Dalam mekanisme penegakan HAM internasional, sistem yang dibangun adalah perjanjian antarnegara, dijalankan oleh negara dan diawasi negara. Korban atau pelaku pelanggaran HAM, dengan demikian sangat tergantung pada izin negara. Apa yang dianggap sebagai universalitas HAM, menjadi terbatas karena mengandalkan kedaulatan negara.
Hal yang paling mudah untuk mencontohkan ini adalah Amerika Serikat yang memberikan reservasi terhadap Konvensi Anti Penyiksaan 1984 dengan membatasi definisi penyiksaan atau torture sesuai dengan mekanisme domestik yang mereka miliki. Dalam United Nations Convention Against Torture, apa yang disebut sebagai penyiksaan adalah setiap tindakan yang menimbulkan rasa sakit atau penderitaan berat. Jadi cakupannya adalah menimbulkan rasa sakit, penderitaan mental atau fisik yang luar biasa, oleh atau dengan persetujuan/sepengetahuan pejabat-pejabat negara yang berwenang, serta untuk tujuan tertentu seperti halnya mendapatkan informasi, penghukuman atau intimidasi.
Pasca kejadian 11 September, Presiden Amerika ketika itu, George W Bush Jr, membuat “Torture Memos.” Intinya, mereka mempersempit pengertian penyiksaan jika itu berkaitan kegagalan organ tubuh, kerusakan serius, atau ancaman kematian. Sementara, praktik kekerasan dalam interogasi tidak disebut sebagai torture atau penyiksaan, namun “enhanced interrogation techniques” atau teknik interogasi yang ditingkatkan. Disinilah An-Na’im mengkritik mitos penegakan HAM yang terlalu berorientasi negara.

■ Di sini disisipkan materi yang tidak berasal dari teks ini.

lemma proj_complex_pres_cx:
  assumes p1: "fg_projective n k P1" and p0: "fg_projective n k P0" and d: "rhom n k P1 P0 d"
  shows "proj_complex n k (pres_cx P1 P0) (pres_d d)"
  unfolding proj_complex_def
proof (intro conjI allI ballI)
  have r1: "rmodule n k P1" and r0: "rmodule n k P0" using p1 p0 by (auto simp: fg_projective_def)
  fix j :: int
  show "fg_projective n k (pres_cx P1 P0 j)" using p1 p0 by (simp add: pres_cx_eq fg_projective_zero_rmod)
  show "rhom n k (pres_cx P1 P0 j) (pres_cx P1 P0 (j + 1)) (pres_d d j)"
  proof (cases "j = 0")
    case True then show ?thesis using d by (simp add: pres_cx_eq pres_d_eq)
  next
    case False then show ?thesis by (simp add: pres_d_eq rhom_zero[OF rmodule_pres_cx[OF r1 r0]])
  qed
  fix x assume "x \<in> carr (pres_cx P1 P0 j)"
  then show "pres_d d (j + 1) (pres_d d j x) = 0"
    using rhom_0[OF d] r1 by (auto simp: carr_pres_cx pres_d_eq rmodule_def)
next
  show "finite {i. carr (pres_cx P1 P0 i) \<noteq> {0}}"
    by (rule finite_subset[of _ "{0,1}"]) (auto simp: carr_pres_cx)
qed
text \<open>In a \<open>CB\<close>-space \<open>c = \<Sum> c\<^sub>i e\<^sub>i\<close>, hence \<open>syn s c = \<Sum> c\<^sub>i f\<^sub>i\<close> in \<open>X\<^sub>s\<close>.\<close>
lemma syn_series:
  assumes CB: "CB_space (\<Theta> s) (T s)" and c: "c \<in> \<Theta> s"
  shows "(\<lambda>n. N s (syn s c - (\<Sum>i<n. c i *\<^sub>R fvec i))) \<longlonglongrightarrow> 0"
proof -
  obtain K where K: "K > 0" "\<And>c. c \<in> \<Theta> s \<Longrightarrow> N s (syn s c) \<le> K * T s c" using syn_bound[of s] by blast
  let ?P = "\<lambda>n. (\<Sum>i<n. c i *\<^sub>R e_vec i)"
  have P: "?P n \<in> \<Theta> s" for n using section_mem[OF \<Theta>_level(2) e_vec_mem] .
  have eq: "syn s c - (\<Sum>i<n. c i *\<^sub>R fvec i) = syn s (c - ?P n)" for n
    using lin_on_lincomb[OF syn_facts(1) \<Theta>_level(2), where n=n and v=e_vec and c=c] lin_on_diff[OF syn_facts(1) \<Theta>_level(2) c P]
      e_vec_mem syn_e_vec by simp
  show ?thesis
  proof (rule Lim_null_comparison[OF always_eventually], intro allI)
    show "norm (N s (syn s c - (\<Sum>i<n. c i *\<^sub>R fvec i))) \<le> K * T s (c - ?P n)" for n
      unfolding eq using K(2)[OF norm_on_diff[OF \<Theta>_level(2) c P]]
        norm_onD(4)[OF X_level(2) syn_facts(2)[OF norm_on_diff[OF \<Theta>_level(2) c P]]] by simp
    show "(\<lambda>n. K * T s (c - ?P n)) \<longlonglongrightarrow> 0"
      using tendsto_mult_left[OF CB_sections[OF CB c], of K] by simp
  qed
qed

lemma level_expansion:
  assumes "CB_space (\<Theta> s) (T s)" "x \<in> X s"
  shows "(\<lambda>n. N s (x - (\<Sum>i<n. F_ext X N g s i x *\<^sub>R fvec i))) \<longlonglongrightarrow> 0"
  using syn_series[OF assms(1) ana_facts(2)[OF assms(2)]] syn_ana[OF assms(2)] F_ext_coord(2)[OF assms(2)]
  by simp

lemma expansion_XF: "\<forall>s. CB_space (\<Theta> s) (T s) \<Longrightarrow> exp_XF X N g fvec"
  unfolding exp_XF_def using level_expansion F_ext_coord(2) ana(2) by fastforce

lemma expansion_Xs: "\<forall>s. CB_space (\<Theta> s) (T s) \<Longrightarrow> exp_Xs X N g fvec"
  unfolding exp_Xs_def using level_expansion by blast
lemma tcount_eq_if_row_sums_eq:
  fixes C C' :: "'c::finite cmatrix"
  assumes rows: "\<And>p. p \<noteq> l \<Longrightarrow> C p = C' p"
    and row_l: "\<And>k. (\<Sum>q\<in>{q. C l q}. tcount C q k) = (\<Sum>q\<in>{q. C' l q}. tcount C q k)"
  shows "tcount C i n = tcount C' i n"
proof (induction n arbitrary: i rule: less_induct)
  case (less n)
  show ?case
  proof (cases n)
    case (Suc m)
    have IH: "tcount C q k = tcount C' q k" if "k \<le> m" for q k
      using less.IH that Suc by simp
    have "(\<Sum>q\<in>{q. C i q}. tcount C q k) = (\<Sum>q\<in>{q. C' i q}. tcount C' q k)"
      if "k \<le> m" for k
      using row_l[of k] rows[of i] IH[OF that] by (cases "i = l") simp_all
    then have "card (colored_forests C {q. C i q} m) = card (colored_forests C' {q. C' i q} m)"
      by (intro invert_transform_eq_upto[OF invert_transform_colored_forests
            invert_transform_colored_forests, where M = m]) auto
    then show ?thesis using Suc by (simp add: tcount_Suc)
  qed (simp add: tcount_0)
qed

lemma row_sums_eq_if_tcount_eq:
  fixes A B :: "'c::finite cmatrix"
  assumes "tcount A = tcount B"
  shows "(\<Sum>q\<in>{q. A l q}. tcount A q k) = (\<Sum>q\<in>{q. B l q}. tcount A q k)"
proof (cases "k = 0")
  case False
  have "card (colored_forests B {q. B l q} m) = card (colored_forests A {q. A l q} m)" for m
    using assms by (metis tcount_Suc)
  then have "invert_transform (\<lambda>k. \<Sum>q\<in>{q. B l q}. tcount B q k)
      (\<lambda>m. card (colored_forests A {q. A l q} m))"
    using invert_transform_colored_forests[where P = "{q. B l q}" and C = B] by simp
  then have "(\<Sum>q\<in>{q. A l q}. tcount A q k) = (\<Sum>q\<in>{q. B l q}. tcount B q k)"
    using invert_transform_unique[OF invert_transform_colored_forests, where k = k] False by simp
  then show ?thesis using assms by simp
qed (simp add: tcount_0)

lemma switch_step_update_row:
  fixes B C :: "'c::finite cmatrix"
  assumes equiv: "tcount C = tcount B"
  shows "switch_step C (C(l := B l))" and "tcount (C(l := B l)) = tcount C"
proof -
  define I where "I = {q. B l q \<and> \<not> C l q}"
  define J where "J = {q. C l q \<and> \<not> B l q}"
  define K where "K = {q. C l q \<and> B l q}"
  have row_sums: "(\<Sum>q\<in>{q. C l q}. tcount C q n) = (\<Sum>q\<in>{q. B l q}. tcount C q n)" for n
    using row_sums_eq_if_tcount_eq[OF equiv] .
  have "{q. C l q} = J \<union> K" "{q. B l q} = I \<union> K" "J \<inter> K = {}" "I \<inter> K = {}"
    unfolding I_def J_def K_def by auto
  then have sums_IJ: "(\<Sum>i\<in>I. tcount C i n) = (\<Sum>j\<in>J. tcount C j n)" for n
    using row_sums[of n] by (simp add: sum.union_disjoint)
  show "switch_step C (C(l := B l))"
    unfolding switch_step_def
  proof (intro exI conjI)
    show "card I = card J"
      using sums_IJ[of 1] unfolding tcount_1 by simp
    show "C(l := B l) = (\<lambda>p q. if p = l \<and> q \<in> I then True
                              else if p = l \<and> q \<in> J then False else C p q)"
      unfolding I_def J_def by (auto simp: fun_eq_iff)
  qed (use sums_IJ in \<open>auto simp: I_def J_def\<close>)
  show "tcount (C(l := B l)) = tcount C"
    using tcount_eq_if_row_sums_eq[of l C "C(l := B l)"] row_sums by (auto simp: fun_eq_iff)
qed

theorem theorem19:
  fixes A B :: "'c::finite cmatrix"
  assumes "A \<noteq> B"
    and "strictly_tree_coloring_equivalent A B"
  shows "\<exists>r::nat. \<exists>C :: nat \<Rightarrow> 'c cmatrix. r \<ge> 1 \<and> C 0 = A \<and> C r = B \<and>
           (\<forall>s\<in>{1..r}. switch_step (C (s - 1)) (C s))"
proof -
  have equiv: "tcount A = tcount B"
    using assms(2) by (simp add: strictly_tree_coloring_equivalent_iff)
  obtain xs :: "'c list" where xs: "set xs = UNIV"
    using finite_list[OF finite_UNIV] by blast
  define C where "C s = override_on A B (set (take s xs))" for s
  have C_Suc: "C (Suc s) = (C s)(xs ! s := B (xs ! s))" if "s < length xs" for s
    using that by (simp add: C_def take_Suc_conv_app_nth override_on_insert)
  have C_equiv: "tcount (C s) = tcount B" if "s \<le> length xs" for s
    using that
  proof (induction s)
    case (Suc s)
    then have "tcount (C s) = tcount B" by simp
    then show ?case
      using switch_step_update_row(2) C_Suc Suc.prems by (metis Suc_le_eq)
  qed (simp add: C_def equiv)
  have "switch_step (C (s - 1)) (C s)" if "s \<in> {1..length xs}" for s
    using that switch_step_update_row(1)[OF C_equiv] C_Suc[of "s - 1"] by auto
  moreover have "length xs \<ge> 1" "C 0 = A" "C (length xs) = B"
    using xs by (auto simp: C_def Suc_le_eq)
  ultimately show ?thesis by blast
qed

end
definition robustness :: "'a set \<Rightarrow> ('a \<Rightarrow> 'a \<Rightarrow> bool) \<Rightarrow> nat \<Rightarrow> ('a \<Rightarrow> nat) \<Rightarrow> real" where
  "robustness V adj k K = real (card (transition_set V adj k K)) / real (card (graph_edges V adj))"

end

theory Submission
  imports Defs
begin

text \<open>
  A transition neighbour w of x carries a colour that no other neighbour of x carries, since
  after the swap x takes that colour. So with 4 colours the transition neighbours of x have
  pairwise distinct colours among the 3 colours different from K x; if there were 3 of them,
  every neighbour of x would share its colour with one of them and hence be one of them, which
  is impossible because x has n + 1 \<ge> 4 neighbours. Counting edges by degrees (the graph is
  (n+1)-regular, and transition edges form a subgraph) turns the bound 2 on each transition
  degree into the bound 2/(n+1) on the robustness, with equality exactly when every transition
  degree is 2.
\<close>

lemma divide_mult_cancel_iff:
  fixes S N d c :: real
  assumes "N > 0" and "d > 0"
  shows "S / (N * d) \<le> c / d \<longleftrightarrow> S \<le> c * N"
    and "S / (N * d) = c / d \<longleftrightarrow> S = c * N"
  using assms by (simp_all add: field_simps)

lemma sum_eq_card_mult_iff:
  fixes f :: "'a \<Rightarrow> nat"
  assumes "finite A" and "\<And>x. x \<in> A \<Longrightarrow> f x \<le> c"
  shows "sum f A = card A * c \<longleftrightarrow> (\<forall>x\<in>A. f x = c)"
  using sum_mono_inv[of f A "\<lambda>_. c"] assms by auto

locale simple_graph =
  fixes V :: "'a set" and adj :: "'a \<Rightarrow> 'a \<Rightarrow> bool"
  assumes adj_sym: "adj x y \<Longrightarrow> adj y x"
    and adj_irrefl: "\<not> adj x x"
    and adj_vertices: "adj x y \<Longrightarrow> x \<in> V \<and> y \<in> V"
begin
lemma energy_eq_0_iff: "energy n k W b R u0 \<omega> = 0 \<longleftrightarrow> global_section n k W b R u0 \<omega>"
proof -
  let ?w = "\<Sum>l\<in>{1..k+1}. \<Sum>i<n l. (delta_w n W b u0 \<omega> l i)\<^sup>2"
  let ?act = "\<Sum>l\<in>{1..k}. \<Sum>i<n l. (delta_act n R u0 \<omega> l i)\<^sup>2"
  let ?out = "\<Sum>i<n (k + 1). (delta_out k \<omega> i)\<^sup>2"
  have "0 \<le> ?w" "0 \<le> ?act" "0 \<le> ?out" by (simp_all add: sum_nonneg)
  then have "energy n k W b R u0 \<omega> = 0 \<longleftrightarrow> ?w = 0 \<and> ?act = 0 \<and> ?out = 0"
    unfolding energy_def by linarith
  then show ?thesis
    unfolding global_section_def
    by (simp only: double_sum_squares_eq_0_iff sum_squares_eq_0_iff finite_atLeastAtMost
        finite_lessThan lessThan_iff Ball_def)
qed

lemma delta_act_eq:
  assumes "1 \<le> l" "i < n l"
  shows "delta_act n R u0 (z, a, y) l i = a l i - (if R l i then z l i else 0)"
  using assms by (simp add: delta_act_def mv_Pmat mv_Rmat abar_def)

lemma global_section_iff:
  "global_section n k W b R u0 (z, a, y) \<longleftrightarrow>
     (\<forall>l\<in>{1..k+1}. \<forall>i<n l. z l i = mv (Wbar n W b l) (n (l - 1) + n l) (abar n u0 a (l - 1)) i) \<and>
     (\<forall>l\<in>{1..k}. \<forall>i<n l. a l i = (if R l i then z l i else 0)) \<and>
     (\<forall>i<n (k + 1). y i = z (k + 1) i)"
  unfolding global_section_def delta_w_def delta_out_def by (auto simp: delta_act_eq)
lemma collapse_push_right:
  assumes A: "Vector_Spaces.linear scale scale A"
    and comm: "\<And>w. K (A w) = c *s A (K w)"
  shows "(\<Sum>i\<le>m. (A ^^ (m - i)) (K ((A ^^ i) w))) = (\<Sum>i\<le>m. c ^ i) *s (A ^^ m) (K w)"
proof -
  have "(A ^^ (m - i)) (K ((A ^^ i) w)) = (c ^ i) *s (A ^^ m) (K w)" if "i \<le> m" for i
  proof -
    interpret P: Vector_Spaces.linear scale scale "A ^^ (m - i)" by (rule linear_funpow[OF A])
    have "(A ^^ (m - i)) ((A ^^ i) (K w)) = (A ^^ m) (K w)"
      using that funpow_add[of "m - i" i A, THEN fun_cong, of "K w"] by simp
    then show ?thesis by (simp add: funpow_push_right[where F = K and G = A, OF A comm] P.scale)
  qed
  then show ?thesis by (simp add: scale_sum_left)
qed

lemma collapse_push_left:
  assumes A: "Vector_Spaces.linear scale scale A"
    and comm: "\<And>w. A (K w) = c *s K (A w)"
  shows "(\<Sum>i\<le>m. (A ^^ (m - i)) (K ((A ^^ i) w))) = (\<Sum>i\<le>m. c ^ i) *s K ((A ^^ m) w)"
proof -
  have "(A ^^ (m - i)) (K ((A ^^ i) w)) = (c ^ (m - i)) *s K ((A ^^ m) w)" if "i \<le> m" for i
    using that funpow_add[of "m - i" i A, THEN fun_cong, of w]
    by (simp add: funpow_push_left[where F = A and G = K, OF A comm])
  then have "(\<Sum>i\<le>m. (A ^^ (m - i)) (K ((A ^^ i) w))) = (\<Sum>i\<le>m. c ^ (m - i)) *s K ((A ^^ m) w)"
    by (simp add: scale_sum_left)
  also have "(\<Sum>i\<le>m. c ^ (m - i)) = (\<Sum>i\<le>m. c ^ i)"
    using sum.atLeastAtMost_rev[of "\<lambda>i. c ^ i" 0 m] by (simp add: atLeast0AtMost)
  finally show ?thesis .
qed
section \<open>The cutoff function\<close>

lemma has_real_derivative_max0_power:
  assumes n: "2 \<le> n"
  shows "((\<lambda>t::real. (max 0 t)^n) has_real_derivative real n * (max 0 t)^(n-1)) (at t)"
proof (cases t "0::real" rule: linorder_cases)
  case less
  have "((\<lambda>t::real. 0) has_real_derivative 0) (at t)" by simp
  then have "((\<lambda>t::real. (max 0 t)^n) has_real_derivative 0) (at t)"
    by (rule has_field_derivative_transform_within_open[where S="{..<0}"]) (use less n in auto)
  then show ?thesis using less n by (simp add: power_0_left)
next
  case greater
  have "((\<lambda>t::real. t^n) has_real_derivative real n * t^(n-1)) (at t)"
    using DERIV_pow[of n t] by simp
  then have "((\<lambda>t::real. (max 0 t)^n) has_real_derivative real n * t^(n-1)) (at t)"
    by (rule has_field_derivative_transform_within_open[where S="{0<..}"]) (use greater in auto)
  then show ?thesis using greater by simp
next
  case equal
  have "((\<lambda>h. (max 0 h)^n / h) \<longlongrightarrow> 0) (at (0::real))"
  proof (rule Lim_null_comparison)
    have "\<bar>(max 0 h)^n / h\<bar> \<le> \<bar>h\<bar>" if "\<bar>h\<bar> < 1" for h :: real
    proof -
      have "\<bar>max 0 h\<bar>^n \<le> \<bar>h\<bar>^n" by (rule power_mono) auto
      also have "\<dots> \<le> \<bar>h\<bar>^2" using power_decreasing[OF n, of "\<bar>h\<bar>"] that by simp
      finally show ?thesis by (simp add: abs_divide divide_le_eq power_abs power2_eq_square)
    qed
    moreover have "\<forall>\<^sub>F h in at (0::real). \<bar>h\<bar> < 1"
      unfolding eventually_at by (rule exI[of _ 1]) (auto simp: dist_norm)
    ultimately show "\<forall>\<^sub>F h in at 0. norm ((max 0 h)^n / h) \<le> \<bar>h\<bar>"
      by (auto elim: eventually_mono)
    show "((\<lambda>h::real. \<bar>h\<bar>) \<longlongrightarrow> 0) (at 0)"
      using tendsto_rabs[OF tendsto_ident_at, of "0::real" UNIV] by simp
  qed
  then show ?thesis using equal n by (simp add: DERIV_def power_0_left)
qed

lemma has_real_derivative_along_line:
  fixes f :: "'a::real_normed_vector \<Rightarrow> real"
  assumes "f differentiable (at y)"
  shows "((\<lambda>s. f (y + s *\<^sub>R e)) has_real_derivative frechet_derivative f (at y) e) (at 0)"
proof -
  have D: "(f has_derivative frechet_derivative f (at y)) (at (y + 0 *\<^sub>R e))"
    using frechet_derivative_works[THEN iffD1, OF assms] by simp
  have "((\<lambda>s::real. y + s *\<^sub>R e) has_derivative (\<lambda>s. s *\<^sub>R e)) (at 0)"
    by (auto intro!: derivative_eq_intros)
  from has_derivative_compose[OF this D]
  have "((\<lambda>s. f (y + s *\<^sub>R e)) has_derivative (\<lambda>s. s * frechet_derivative f (at y) e)) (at 0)"
    using linear_scale[OF has_derivative_linear[OF D]] by simp
  then show ?thesis
    by (simp add: has_field_derivative_def mult_commute_abs)
qed

lemma has_real_derivative_energy_flux:
  fixes \<eta> \<eta>' v v' :: "real \<Rightarrow> real"
  assumes "(\<eta> has_real_derivative \<eta>' t) (at t)" "(\<eta>' has_real_derivative \<eta>'') (at t)"
    and "(v has_real_derivative v' t) (at t)" "(v' has_real_derivative v'') (at t)"
  shows "((\<lambda>s. \<eta> s * v s * v' s - v s^2 / 2 * \<eta>' s) has_real_derivative
           \<eta> t * (v' t)^2 + \<eta> t * v t * v'' - v t^2 / 2 * \<eta>'') (at t)"
  using assms by (auto intro!: derivative_eq_intros simp: algebra_simps power2_eq_square)

definition bump :: "'a::real_normed_vector \<Rightarrow> real \<Rightarrow> 'a \<Rightarrow> real" where
  "bump p \<rho> x = max 0 (\<rho>^2 - norm (x - p)^2)"

lemma bump_nonneg: "0 \<le> bump p \<rho> x"
  by (simp add: bump_def)

lemma bump_eq_0: "x \<notin> cball p \<rho> \<Longrightarrow> 0 \<le> \<rho> \<Longrightarrow> bump p \<rho> x = 0"
  by (simp add: bump_def dist_norm norm_minus_commute power_mono)

lemma bump_le: "bump p \<rho> x \<le> \<rho>^2"
  by (simp add: bump_def)

lemma bump_ge:
  assumes "dist p x \<le> s"
  shows "\<rho>^2 - s^2 \<le> bump p \<rho> x"
proof -
  have "norm (x - p)^2 \<le> s^2"
    using assms by (intro power_mono) (simp_all add: dist_norm norm_minus_commute)
  then show ?thesis by (simp add: bump_def)
qed

lemma bump_along_basis:
  fixes p y i :: "'a::euclidean_space"
  assumes "i \<in> Basis"
  shows "bump p \<rho> (y + s *\<^sub>R i) = max 0 (\<rho>^2 - (norm (y - p)^2 + 2 * s * ((y - p) \<bullet> i) + s^2))"
proof -
  have "norm (y + s *\<^sub>R i - p)^2 = norm ((y - p) + s *\<^sub>R i)^2"
    by (rule arg_cong[where f="\<lambda>x. norm x ^ 2"]) (simp add: algebra_simps)
  also have "\<dots> = norm (y - p)^2 + 2 * s * ((y - p) \<bullet> i) + s^2"
    using assms unfolding power2_norm_eq_inner
    by (simp add: inner_add_left inner_add_right inner_commute algebra_simps power2_eq_square)
  finally show ?thesis by (simp add: bump_def)
qed

lemma bump_cube_line_derivative:
  fixes p y i :: "'a::euclidean_space"
  assumes "i \<in> Basis"
  shows "((\<lambda>s. bump p \<rho> (y + s *\<^sub>R i)^3) has_real_derivative
           -6 * bump p \<rho> y^2 * ((y - p) \<bullet> i)) (at 0)"
proof -
  have "((\<lambda>s. \<rho>^2 - (norm (y - p)^2 + 2 * s * ((y - p) \<bullet> i) + s^2)) has_real_derivative
          -2 * ((y - p) \<bullet> i)) (at 0)"
    by (auto intro!: derivative_eq_intros)
  from DERIV_chain2[OF has_real_derivative_max0_power this, of 3]
  show ?thesis
    unfolding bump_along_basis[OF assms] by (simp add: bump_def mult.assoc)
qed

lemma bump_square_line_derivative:
  fixes p y i :: "'a::euclidean_space"
  assumes "i \<in> Basis"
  shows "((\<lambda>s. bump p \<rho> (y + s *\<^sub>R i)^2 * ((y + s *\<^sub>R i - p) \<bullet> i)) has_real_derivative
           bump p \<rho> y^2 - 4 * bump p \<rho> y * ((y - p) \<bullet> i)^2) (at 0)"
proof -
  have "((\<lambda>s. \<rho>^2 - (norm (y - p)^2 + 2 * s * ((y - p) \<bullet> i) + s^2)) has_real_derivative
          -2 * ((y - p) \<bullet> i)) (at 0)"
    by (auto intro!: derivative_eq_intros)
  from DERIV_chain2[OF has_real_derivative_max0_power this, of 2]
  have sq: "((\<lambda>s. bump p \<rho> (y + s *\<^sub>R i)^2) has_real_derivative
              -4 * bump p \<rho> y * ((y - p) \<bullet> i)) (at 0)"
    unfolding bump_along_basis[OF assms] by (simp add: bump_def mult.assoc)
  have "((\<lambda>s. (y - p) \<bullet> i + s) has_real_derivative 1) (at 0)"
    by (auto intro!: derivative_eq_intros)
  from DERIV_mult[OF sq this] assms show ?thesis
    by (simp add: inner_add_left inner_diff_left algebra_simps power2_eq_square)
qed

lemma bump_cube_flux_line_derivative:
  fixes p y i :: "'a::euclidean_space" and v a :: "'a \<Rightarrow> real"
  assumes i: "i \<in> Basis"
    and dv: "((\<lambda>s. v (y + s *\<^sub>R i)) has_real_derivative a y) (at 0)"
    and da: "((\<lambda>s. a (y + s *\<^sub>R i)) has_real_derivative b) (at 0)"
  shows "((\<lambda>s. bump p \<rho> (y + s *\<^sub>R i)^3 * v (y + s *\<^sub>R i) * a (y + s *\<^sub>R i)
              - v (y + s *\<^sub>R i)^2 / 2 * (-6 * (bump p \<rho> (y + s *\<^sub>R i)^2 * ((y + s *\<^sub>R i - p) \<bullet> i))))
          has_real_derivative
            bump p \<rho> y^3 * (a y)^2 + bump p \<rho> y^3 * v y * b
              - v y^2 / 2 * (-6 * (bump p \<rho> y^2 - 4 * bump p \<rho> y * ((y - p) \<bullet> i)^2))) (at 0)"
proof -
  have d\<eta>: "((\<lambda>s. bump p \<rho> (y + s *\<^sub>R i)^3) has_real_derivative
      -6 * (bump p \<rho> (y + 0 *\<^sub>R i)^2 * ((y + 0 *\<^sub>R i - p) \<bullet> i))) (at 0)"
    using bump_cube_line_derivative[OF i] by (simp add: mult.assoc)
  have d\<eta>': "((\<lambda>s. -6 * (bump p \<rho> (y + s *\<^sub>R i)^2 * ((y + s *\<^sub>R i - p) \<bullet> i))) has_real_derivative
      -6 * (bump p \<rho> y^2 - 4 * bump p \<rho> y * ((y - p) \<bullet> i)^2)) (at 0)"
    by (rule DERIV_cmult[OF bump_square_line_derivative[OF i]])
  have at_0: "y + 0 *\<^sub>R i = y" by simp
  from has_real_derivative_energy_flux[OF d\<eta> d\<eta>', of "\<lambda>s. v (y + s *\<^sub>R i)" "\<lambda>s. a (y + s *\<^sub>R i)",
      unfolded at_0, OF dv da]
  show ?thesis .
qed

lemma bump_cube_laplacian:
  fixes p x :: "'a::euclidean_space"
  shows "(\<Sum>i\<in>Basis. -6 * (bump p \<rho> x^2 - 4 * bump p \<rho> x * ((x - p) \<bullet> i)^2))
       = (24 * norm (x - p)^2 - 6 * real DIM('a) * bump p \<rho> x) * bump p \<rho> x"
proof -
  have N: "(\<Sum>i\<in>Basis. ((x - p) \<bullet> i)^2) = norm (x - p)^2"
    unfolding power2_norm_eq_inner by (subst euclidean_inner) (simp add: power2_eq_square)
  have "(\<Sum>i\<in>Basis. -6 * (bump p \<rho> x^2 - 4 * bump p \<rho> x * ((x - p) \<bullet> i)^2))
      = (\<Sum>i\<in>Basis. 24 * bump p \<rho> x * ((x - p) \<bullet> i)^2 - 6 * bump p \<rho> x^2)"
    by (rule sum.cong) (simp_all add: algebra_simps)
  also have "\<dots> = 24 * bump p \<rho> x * norm (x - p)^2 - real DIM('a) * (6 * bump p \<rho> x^2)"
    by (simp only: sum_subtractf sum_distrib_left[symmetric] sum_constant N)
  finally show ?thesis
    by (simp add: algebra_simps power2_eq_square)
qed

lemma bump_cube_laplacian_le:
  fixes p x :: "'a::euclidean_space"
  shows "(24 * norm (x - p)^2 - 6 * real DIM('a) * bump p \<rho> x) * bump p \<rho> x \<le> 24 * \<rho>^4"
proof (cases "bump p \<rho> x = 0")
  case False
  then have N: "norm (x - p)^2 \<le> \<rho>^2" by (simp add: bump_def)
  have B: "0 \<le> bump p \<rho> x" "bump p \<rho> x \<le> \<rho>^2" by (rule bump_nonneg, rule bump_le)
  then have "(24 * norm (x - p)^2 - 6 * real DIM('a) * bump p \<rho> x) * bump p \<rho> x
      \<le> 24 * (norm (x - p)^2 * bump p \<rho> x)"
    by (simp add: algebra_simps)
  also have "\<dots> \<le> 24 * (\<rho>^2 * \<rho>^2)"
    using mult_mono[OF N B(2)] B(1) by simp
  finally show ?thesis by (simp add: power4_eq_xxxx power2_eq_square)
qed simp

An-Na’im kemudian menawarkan pendekatan yang tidak semata menggantungkan perlindungan HAM pada negara dan hukum internasional. Menurutnya, HAM hanya dapat hidup secara efektif apabila tumbuh melalui transformasi kultural dan mobilisasi politik masyarakat itu sendiri. Transformasi kultural adalah upaya internalisasi HAM secara generik yang dimulai dengan tumbuhnya kesadaran sosial masyarakat itu sendiri. Dalam karya awalnya yang terbit tahun 1990, Toward an Islamic Reformation, An-Na’im menekankan sisi cultural transformation ini melalui reinterpretasi Islam agar HAM memperoleh legitimasi internal dalam masyarakat Muslim.
Sementara mobilisasi politik adalah tentang bagaimana bagaimana masyarakat mengorganisasi diri, membangun solidaritas, menekan negara hingga mengubah struktur kekuasaan. Mobilisasi politik merupakan perjuangan kolektif masyarakat sipil untuk mentransformasikan struktur kekuasaan dan praktik negara. Perjuangan rakyat Afrika Selatan anti-apartheid merupakan contohnya.
Dua gerak itu harus berjalan secara berkesinambungan. Jika transformasi kultural itu membangun legitimasi sosial, mobilisasi politik membangun perubahan secara struktural. Ketika budaya sudah berubah, namun belum ada perubahan struktural, maka hal tersebut tidak akan pernah mentransformasikan kekuatan negara. Sebaliknya, jika mobilisasi politik saja yang berjalan, maka yang terjadi sekadar perubahan legal yang rapuh karena tidak memiliki akar kesadaran sosial.
Dalam dua karyanya, An-Naim mencoba konsisten untuk melakukan dua hal tersebut. Buku Toward an Islamic Reformation berusaha mendamaikan HAM dengan tradisi Islam melalui reinterpretasi internal. Dalam buku Decolonizing Human Rights An-Na’im bergerak lebih jauh dengan mengkritik struktur global HAM yang masih membawa logika kolonial dan terlalu berpusat pada negara.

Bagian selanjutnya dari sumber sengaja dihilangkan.